The following information covers a handful of the basics of the Teradata architecture, to help new Teradata users better understand what considerations should go into creating a table.
Teradata uses Massively Parallel Processing (MPP) to provide linear scalability of the system by distributing the data across a number of processing units (AMPs). Each record in a table is placed on an AMP. The more evenly the data is distributed across the AMPs for all tables, the better the system performs, because each AMP does an equal amount of work to satisfy a query. When the data is unevenly distributed, the AMPs with the most records work harder, while the AMPs with the fewest records are underutilized.
Key point: Teradata performs the best when data is evenly distributed
The primary index (PI) distributes the records in a table across the AMPs, by hashing the columns that make up the PI to determine which records go to which AMP. If no PI is specified when a table is created, the first column of the table will be used as the PI.
When creating a table, care needs to be taken to choose a column or set of columns that evenly distribute the data across the AMPs. A PI that distributes data unevenly will at the very least impact the performance of the table, and depending on the size of the table, has the potential to negatively impact the entire system.
Even distribution of the PI isn’t the only criteria to use when choosing a PI. Consideration should also be given to how the data will be queried. If the data can be evenly distributed using different sets of columns, then the determination of which columns to use should be based on how the data will be queried and what other tables it will be joined to. If two tables that are frequently joined have the same PI, then joining them doesn’t require the records to be redistributed to other AMPs to satisfy a query.

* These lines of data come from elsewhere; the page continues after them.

text \<open>
  Substituting \<open>x = t\<^sup>e\<close> splits \<open>f\<close> as \<open>\<Prod>(y - a\<^sub>i)\<close> over \<open>\<complex>((t))\<close>, and
  \<open>\<delta> = m/e\<close> with \<open>m\<close> the least \<open>t\<close>-order of a root. Give \<open>x\<^sup>k y\<^sup>l\<close> the weight \<open>e k + l m\<close>
  (\<open>n m\<close> times its contribution to \<open>\<rho>\<close>). Then \<open>f\<close> has weight \<open>\<ge> n m\<close>, and the Euler
  operator defining \<open>h\<close> kills the part of weight exactly \<open>n m\<close>, so \<open>\<rho>(h) > 1\<close>.

  For the quotient, a monomial of \<open>w\<^sub>2\<close> of least weight and, among those, largest \<open>y\<close>-degree
  reappears, shifted by \<open>y\<^sup>n\<close>, in \<open>w\<^sub>2 f\<close> and hence in \<open>w h\<close>; this gives
  \<open>\<rho>(w\<^sub>2) + 1 \<ge> \<rho>(w h) \<ge> \<rho>(w) + \<rho>(h)\<close>.

  For the remainder, the Euler identity expresses \<open>h\<close> in the basis \<open>\<epsilon>\<^sub>i\<close> with coefficients
  \<open>(t a\<^sub>i' - m a\<^sub>i)/(n m)\<close> of order \<open>\<ge> m + 1\<close>. Modulo \<open>\<Prod>(y - a\<^sub>i)\<close>, multiplying by \<open>w\<close>
  multiplies the \<open>i\<close>-th coordinate by \<open>w(a\<^sub>i)\<close>, of order at least the least weight of \<open>w\<close>.
  Since \<open>f'\<^sub>y = \<Sum>\<epsilon>\<^sub>i\<close>, both \<open>\<lambda>\<close>, read off the coefficient of \<open>y\<^sup>n\<^sup>-\<^sup>1\<close> in the
  remainder \<open>R\<close>, and the coordinates of \<open>R - \<lambda> f'\<^sub>y\<close> inherit this order, which exceeds
  \<open>n \<delta> \<rho>(w) + \<delta>\<close> by \<open>1/e\<close>.
\<close>

unbundle Formal_Laurent_Series.fps_syntax

section \<open>Convergent power series and Euclidean division\<close>

lemma conv_fps_0 [simp]: "conv_fps 0"
  by (simp add: conv_fps_def)

lemma conv_fps_add: "conv_fps a \<Longrightarrow> conv_fps b \<Longrightarrow> conv_fps (a + b)"
  unfolding conv_fps_def using fps_conv_radius_add[of a b] by (auto simp: min_def split: if_splits)

lemma conv_fps_diff: "conv_fps a \<Longrightarrow> conv_fps b \<Longrightarrow> conv_fps (a - b)"
  unfolding conv_fps_def using fps_conv_radius_diff[of a b] by (auto simp: min_def split: if_splits)

lemma conv_fps_mult: "conv_fps a \<Longrightarrow> conv_fps b \<Longrightarrow> conv_fps (a * b)"
  unfolding conv_fps_def using fps_conv_radius_mult[of a b] by (auto simp: min_def split: if_splits)

lemma conv_fps_deriv: "conv_fps a \<Longrightarrow> conv_fps (fps_deriv a)"
  unfolding conv_fps_def using fps_conv_radius_deriv[of a] by auto

lemma conv_fps_1 [simp]: "conv_fps 1"
  by (simp add: conv_fps_def)

lemma conv_fps_const [simp]: "conv_fps (fps_const c)"
  by (simp add: conv_fps_def)

lemma conv_fps_of_nat [simp]: "conv_fps (of_nat k)"
  by (metis conv_fps_const fps_of_nat)

lemma conv_fps_X [simp]: "conv_fps fps_X"
  by (simp add: conv_fps_def)

lemma conv_fps_sum: "(\<And>i. i \<in> S \<Longrightarrow> conv_fps (g i)) \<Longrightarrow> conv_fps (\<Sum>i\<in>S. g i)"
  by (induction S rule: infinite_finite_induct) (auto intro: conv_fps_add)

lemma conv_poly_0 [simp]: "conv_poly 0"
  by (simp add: conv_poly_def)

lemma conv_poly_add [intro]: "conv_poly p \<Longrightarrow> conv_poly q \<Longrightarrow> conv_poly (p + q)"
  by (auto simp: conv_poly_def intro: conv_fps_add)

lemma conv_poly_diff [intro]: "conv_poly p \<Longrightarrow> conv_poly q \<Longrightarrow> conv_poly (p - q)"
  by (auto simp: conv_poly_def intro: conv_fps_diff)

lemma conv_poly_mult [intro]: "conv_poly p \<Longrightarrow> conv_poly q \<Longrightarrow> conv_poly (p * q)"
  unfolding conv_poly_def coeff_mult by (auto intro!: conv_fps_sum conv_fps_mult)

lemma conv_poly_smult [intro]: "conv_fps c \<Longrightarrow> conv_poly p \<Longrightarrow> conv_poly (smult c p)"
  by (auto simp: conv_poly_def intro: conv_fps_mult)

lemma conv_poly_pderiv [intro]: "conv_poly p \<Longrightarrow> conv_poly (pderiv p)"
  by (auto simp: conv_poly_def coeff_pderiv intro!: conv_fps_mult conv_fps_add)

lemma conv_poly_hpoly: "conv_poly f \<Longrightarrow> conv_poly (hpoly n d f)"
  unfolding hpoly_def
  by (intro conv_poly_diff conv_poly_smult conv_poly_mult conv_poly_pderiv)
     (auto simp: conv_poly_def coeff_map_poly coeff_pCons split: nat.split intro!: conv_fps_mult conv_fps_deriv)

lemma degree_cancel_lead_less:
  fixes p f :: "'a::idom poly"
  assumes "lead_coeff f = 1" "degree f \<le> degree p" "degree p > 0"
  shows "degree (p - monom (lead_coeff p) (degree p - degree f) * f) < degree p"
proof -
  let ?q = "monom (lead_coeff p) (degree p - degree f) * f"
  have "p \<noteq> 0" "f \<noteq> 0" using assms by auto
  then have dq: "degree ?q = degree p" using assms by (simp add: degree_mult_eq degree_monom_eq)
  have lq: "lead_coeff ?q = lead_coeff p"
    using \<open>p \<noteq> 0\<close> \<open>f \<noteq> 0\<close> assms by (simp add: lead_coeff_mult degree_monom_eq)
  have le: "degree (p - ?q) \<le> degree p" using dq by (simp add: degree_diff_le)
  have top: "coeff (p - ?q) (degree p) = 0" using lq dq by simp
  show ?thesis
  proof (cases "p - ?q = 0")
    case False
    then have "degree (p - ?q) \<noteq> degree p" using top leading_coeff_neq_0 by metis
    with le show ?thesis by simp
  qed (use assms(3) in simp)
qed

lemma conv_poly_division:
  fixes f p :: "complex fps poly"
  assumes f: "conv_poly f" "lead_coeff f = 1" "degree f = n" "n > 0" and "conv_poly p"
  shows "\<exists>q r. conv_poly q \<and> conv_poly r \<and> p = q * f + r \<and> degree r < n"
  using \<open>conv_poly p\<close>
proof (induction "degree p" arbitrary: p rule: less_induct)
  case less
  show ?case
  proof (cases "degree p < n")
    case True
    then show ?thesis using less by (intro exI[of _ 0] exI[of _ p]) auto
  next
    case False
    define c where "c = monom (lead_coeff p) (degree p - degree f)"
    have "conv_poly c" using less by (auto simp: c_def conv_poly_def)
    then have conv: "conv_poly (p - c * f)" using less f by (intro conv_poly_diff conv_poly_mult) auto
    have "degree (p - c * f) < degree p"
      unfolding c_def using False f by (intro degree_cancel_lead_less) auto
    from less.hyps[OF this conv] obtain q r
      where qr: "conv_poly q" "conv_poly r" "p - c * f = q * f + r" "degree r < n" by blast
    have "conv_poly (q + c)" using qr(1) \<open>conv_poly c\<close> by blast
    moreover have "p = (q + c) * f + r" using qr(3) by (simp add: algebra_simps)
    ultimately show ?thesis using qr(2,4) by blast
  qed
qed

section \<open>The substitution \<open>x = t\<^sup>e\<close>\<close>

definition fps_ram :: "nat \<Rightarrow> complex fps \<Rightarrow> complex fls" where
  "fps_ram e c = fps_to_fls (c oo fps_X ^ e)"

lemma fps_ram_nth:
  assumes "e \<ge> 1"
  shows "fps_ram e c $$ k = (if 0 \<le> k \<and> int e dvd k then c $ nat (k div int e) else 0)"
proof (cases "k < 0")
  case False
  then obtain j where j: "k = int j" by (metis nat_0_le not_less)
  have "(c oo fps_X ^ e) $ j = (\<Sum>i\<in>{0..j}. if i = j div e \<and> e dvd j then c $ i else 0)"
    unfolding fps_compose_nth power_mult[symmetric]
    by (intro sum.cong refl) (use assms in \<open>auto simp: fps_X_power_iff\<close>)
  also have "\<dots> = (if e dvd j then c $ (j div e) else 0)"
    using assms by (auto simp: div_le_dividend)
  finally show ?thesis
    unfolding fps_ram_def j by (simp add: zdiv_int[symmetric])
qed (simp add: fps_ram_def)

lemma fps_ram_nth_mult: "e \<ge> 1 \<Longrightarrow> fps_ram e c $$ int (e * s) = c $ s"
  by (simp add: fps_ram_nth)

lemma fps_ram_0 [simp]: "fps_ram e 0 = 0"
  by (simp add: fps_ram_def)

lemma fps_ram_1 [simp]: "fps_ram e 1 = 1"
  by (simp add: fps_ram_def)

lemma fps_ram_const [simp]: "fps_ram e (fps_const c) = fls_const c"
  by (intro fls_eqI) (simp add: fps_ram_def)

lemma fps_ram_add [simp]: "fps_ram e (a + b) = fps_ram e a + fps_ram e b"
  by (simp add: fps_ram_def fps_compose_add_distrib)

lemma fps_ram_mult [simp]: "e \<ge> 1 \<Longrightarrow> fps_ram e (a * b) = fps_ram e a * fps_ram e b"
  by (simp add: fps_ram_def fps_compose_mult_distrib fls_times_fps_to_fls)

lemma fls_ram_fps_to_fls:
  assumes "e \<ge> 1"
  shows "fls_ram e (fps_to_fls c) = fps_ram e c"
proof (intro fls_eqI)
  fix k
  have "fls_ram e (fps_to_fls c) $$ k = (if int e dvd k then fps_to_fls c $$ (k div int e) else 0)"
    unfolding fls_ram_def
    by (rule nth_Abs_fls_ex_lower_bound, rule exI[of _ 0]) (use assms in \<open>auto simp: pos_imp_zdiv_neg_iff\<close>)
  also have "\<dots> = fps_ram e c $$ k"
    using assms by (auto simp: fps_ram_nth pos_imp_zdiv_neg_iff)
  finally show "fls_ram e (fps_to_fls c) $$ k = fps_ram e c $$ k" .
qed

lemma emb_fls_poly_fls_poly:
  assumes "e \<ge> 1"
  shows "emb_fls_poly e (fls_poly p) = map_poly (fps_ram e) p"
proof -
  have "fls_ram e 0 = 0" using fls_ram_fps_to_fls[OF assms, of 0] by simp
  then show ?thesis
    unfolding emb_fls_poly_def fls_poly_def
    by (intro poly_eqI) (simp add: coeff_map_poly fls_ram_fps_to_fls[OF assms])
qed

locale idom_hom =
  fixes h :: "'a::idom \<Rightarrow> 'b::idom"
  assumes hom_0: "h 0 = 0" and hom_1: "h 1 = 1"
    and hom_add: "h (x + y) = h x + h y" and hom_mult: "h (x * y) = h x * h y"
begin

lemma hom_uminus: "h (- x) = - h x"
  by (metis add.right_inverse eq_neg_iff_add_eq_0 hom_0 hom_add)

lemma hom_diff: "h (x - y) = h x - h y"
  using hom_add[of x "- y"] hom_uminus by simp

lemma hom_sum: "h (\<Sum>i\<in>S. g i) = (\<Sum>i\<in>S. h (g i))"
  by (induction S rule: infinite_finite_induct) (auto simp: hom_0 hom_add)

lemma hom_of_nat: "h (of_nat k) = of_nat k"
  by (induction k) (auto simp: hom_0 hom_1 hom_add)

lemma map_poly_add: "map_poly h (p + q) = map_poly h p + map_poly h q"
  by (intro poly_eqI) (simp add: coeff_map_poly hom_0 hom_add)

lemma map_poly_diff: "map_poly h (p - q) = map_poly h p - map_poly h q"
  by (intro poly_eqI) (simp add: coeff_map_poly hom_0 hom_diff)

lemma map_poly_mult: "map_poly h (p * q) = map_poly h p * map_poly h q"
  by (intro poly_eqI) (simp add: coeff_map_poly hom_0 coeff_mult hom_sum hom_mult)

lemma map_poly_smult: "map_poly h (smult c p) = smult (h c) (map_poly h p)"
  by (intro poly_eqI) (simp add: coeff_map_poly hom_0 hom_mult)

lemma map_poly_pderiv: "map_poly h (pderiv p) = pderiv (map_poly h p)"
  by (intro poly_eqI)
     (simp add: coeff_map_poly hom_0 hom_mult coeff_pderiv hom_of_nat[of "Suc _", simplified])

lemma map_poly_X: "map_poly h [:0, 1:] = [:0, 1:]"
  by (simp add: map_poly_pCons hom_0 hom_1)

end

lemma idom_hom_fps_ram: "e \<ge> 1 \<Longrightarrow> idom_hom (fps_ram e)"
  by unfold_locales auto

lemma idom_hom_fps_to_fls: "idom_hom (fps_to_fls :: complex fps \<Rightarrow> complex fls)"
  by unfold_locales (auto simp: fls_times_fps_to_fls)

lemma remainder_tangent_split:
  fixes f r :: "complex fps poly"
  assumes "degree f = n" "lead_coeff f = 1" "n \<ge> 2" "degree r < n" "p = q * f + r"
  defines "lam \<equiv> fps_const (1 / of_nat n) * coeff r (n - 1)"
  shows "degree (fls_poly (r - smult lam (pderiv f))) < n - 1"
    and "fls_poly p = fls_poly (q * f) + smult (fps_to_fls lam) (fls_poly (pderiv f))
           + fls_poly (r - smult lam (pderiv f))"
proof -
  interpret fl: idom_hom "fps_to_fls :: complex fps \<Rightarrow> complex fls"
    by (rule idom_hom_fps_to_fls)
  let ?r = "r - smult lam (pderiv f)"
  have "degree (pderiv f) \<le> n - 1" using assms(1) by (simp add: degree_pderiv)
  then have le: "degree ?r \<le> n - 1"
    using assms(4) by (intro degree_diff_le) (auto intro: order.trans[OF degree_smult_le])
  have top: "coeff ?r (n - 1) = 0"
    using assms by (simp add: coeff_pderiv fps_of_nat[symmetric] del: fps_of_nat)
  have "degree ?r < n - 1"
  proof (cases "?r = 0")
    case False
    then have "degree ?r \<noteq> n - 1" using top leading_coeff_neq_0 by metis
    with le show ?thesis by simp
  qed (use assms(3) in simp)
  then show "degree (fls_poly ?r) < n - 1"
    unfolding fls_poly_def using map_poly_degree_leq le_less_trans by blast
  show "fls_poly p = fls_poly (q * f) + smult (fps_to_fls lam) (fls_poly (pderiv f)) + fls_poly ?r"
    unfolding fls_poly_def assms(5) fl.map_poly_add fl.map_poly_diff fl.map_poly_smult by simp
qed

definition fls_tderiv :: "complex fls \<Rightarrow> complex fls" where
  "fls_tderiv c = fls_X * fls_deriv c"

lemma fls_tderiv_nth [simp]: "fls_tderiv c $$ k = of_int k * c $$ k"
  by (simp add: fls_tderiv_def fls_X_times_conv_shift)

lemma fls_tderiv_mult: "fls_tderiv (a * b) = fls_tderiv a * b + a * fls_tderiv b"
  by (simp add: fls_tderiv_def algebra_simps)

lemma fps_ram_X_deriv:
  assumes "e \<ge> 1"
  shows "fps_ram e (fps_X * fps_deriv c) = fls_const (1 / of_nat e) * fls_tderiv (fps_ram e c)"
proof (intro fls_eqI)
  fix k
  show "fps_ram e (fps_X * fps_deriv c) $$ k = (fls_const (1 / of_nat e) * fls_tderiv (fps_ram e c)) $$ k"
  proof (cases "0 \<le> k \<and> int e dvd k")
    case True
    then obtain s where s: "k = int (e * s)"
      by (metis dvdE mult_of_nat_commute nonneg_int_cases of_nat_mult zero_le_mult_iff assms
          not_one_le_zero of_nat_le_0_iff)
    have "fps_ram e (fps_X * fps_deriv c) $$ k = of_nat s * c $ s"
      using fps_ram_nth_mult[OF assms, of "fps_X * fps_deriv c" s] unfolding s
      by (cases s) (simp_all del: fps_ram_mult)
    moreover have "(fls_const (1 / of_nat e) * fls_tderiv (fps_ram e c)) $$ k = of_nat s * c $ s"
      using assms fps_ram_nth_mult[OF assms, of c s] unfolding s by (simp add: field_simps)
    ultimately show ?thesis by simp
  qed (use assms in \<open>auto simp: fps_ram_nth simp del: fps_ram_mult\<close>)
qed

section \<open>Orders of Laurent series\<close>

definition fls_val_ge :: "'a::comm_ring_1 fls \<Rightarrow> int \<Rightarrow> bool" where
  "fls_val_ge c N \<longleftrightarrow> (\<forall>k<N. c $$ k = 0)"

lemma fls_val_ge_0 [simp]: "fls_val_ge 0 N"
  by (simp add: fls_val_ge_def)
(* Assume $\theta_i<1$ for all $i$ and $\theta_j>0$ for some $j$, and let $\zeta=n\theta_{\mathrm{ave}}-\theta_{\min}$. If $\theta_{\max}<\dfrac{n}{n+2(1+\zeta)}$, then for every $x(0)\in\Delta_n$ the trajectory of system (A) converges exponentially fast to the unique fixed point $x^*$ of $F$ in $\Delta_n$.
   Context: Let $n\ge 2$, $\mathbf 1_n$ the all-ones vector, $I_n$ the identity matrix, $\Delta_n=\{x\in\mathbb R^n: x\ge 0,\ \mathbf 1_n^Tx=1\}$. Let $C\in\mathbb R^{n\times n}$ be a nonnegative row-stochastic matrix with zero diagonal, $\theta=(\theta_1,\dots,\theta_n)\in[0,1]^n$, $\Theta=\mathrm{diag}(\theta)$, and for $x\in\mathbb R^n$, $W(x)=\mathrm{diag}(x)+(I_n-\mathrm{diag}(x))C$. Let $\theta_{\min}=\min_j\theta_j$, $\theta_{\mathrm{ave}}=\frac1n\sum_j\theta_j$, $\theta_{\max}=\max_j\theta_j$. System (A): $x(s+1)=F(x(s))$, $s=0,1,2,\dots$, $x(0)\in\Delta_n$, where $F(x)=(I_n-\Theta)(I_n-W(x)^T\Theta)^{-1}\mathbf 1_n/n$. *)

theory Defs
  imports "HOL-Analysis.Analysis"
begin

text \<open>Vectors in R^n are modelled as real^'n for a finite index type 'n, n = CARD('n).\<close>

definition diagm :: "real^'n \<Rightarrow> real^'n^'n" where
  "diagm x = (\<chi> i j. if i = j then x $ i else 0)"

definition ones :: "real^'n" where
  "ones = (\<chi> i. 1)"

definition prob_simplex :: "(real^'n) set" where
  "prob_simplex = {x. (\<forall>i. 0 \<le> x $ i) \<and> (\<Sum>i\<in>UNIV. x $ i) = 1}"

definition row_stochastic_zero_diag :: "real^'n^'n \<Rightarrow> bool" where
  "row_stochastic_zero_diag C \<longleftrightarrow>
     (\<forall>i j. 0 \<le> C $ i $ j) \<and> (\<forall>i. (\<Sum>j\<in>UNIV. C $ i $ j) = 1) \<and> (\<forall>i. C $ i $ i = 0)"

definition Wmat :: "real^'n^'n \<Rightarrow> real^'n \<Rightarrow> real^'n^'n" where
  "Wmat C x = diagm x + (mat 1 - diagm x) ** C"

definition Fmap :: "real^'n^'n \<Rightarrow> real^'n \<Rightarrow> real^'n \<Rightarrow> real^'n" where
  "Fmap C \<theta> x = (mat 1 - diagm \<theta>) *v
      (matrix_inv (mat 1 - transpose (Wmat C x) ** diagm \<theta>) *v ((1 / real CARD('n)) *\<^sub>R ones))"

definition theta_min :: "real^'n \<Rightarrow> real" where
  "theta_min \<theta> = Min (range (\<lambda>j. \<theta> $ j))"

definition theta_max :: "real^'n \<Rightarrow> real" where
  "theta_max \<theta> = Max (range (\<lambda>j. \<theta> $ j))"

definition theta_ave :: "real^'n \<Rightarrow> real" where
  "theta_ave \<theta> = (\<Sum>j\<in>UNIV. \<theta> $ j) / real CARD('n)"

end

theory Submission
  imports Defs
begin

A PI doesn’t have to be the same as the primary key (PK) of a table. The purpose of a PI is to evenly distribute the data, while the purpose of a PK is to identify unique records. The PI and PK can be the same, but it isn’t required.
Key point: Picking the right primary index is critical to ensuring good table and system performance
A table that has perfectly distributed data has a skew factor of 0%. The higher the skew factor is, the more unevenly data in a table is distributed. As a general rule, tables with a skew factor higher than 50% should be evaluated to determine if a different primary index would distribute the data better, and thereby improve performance.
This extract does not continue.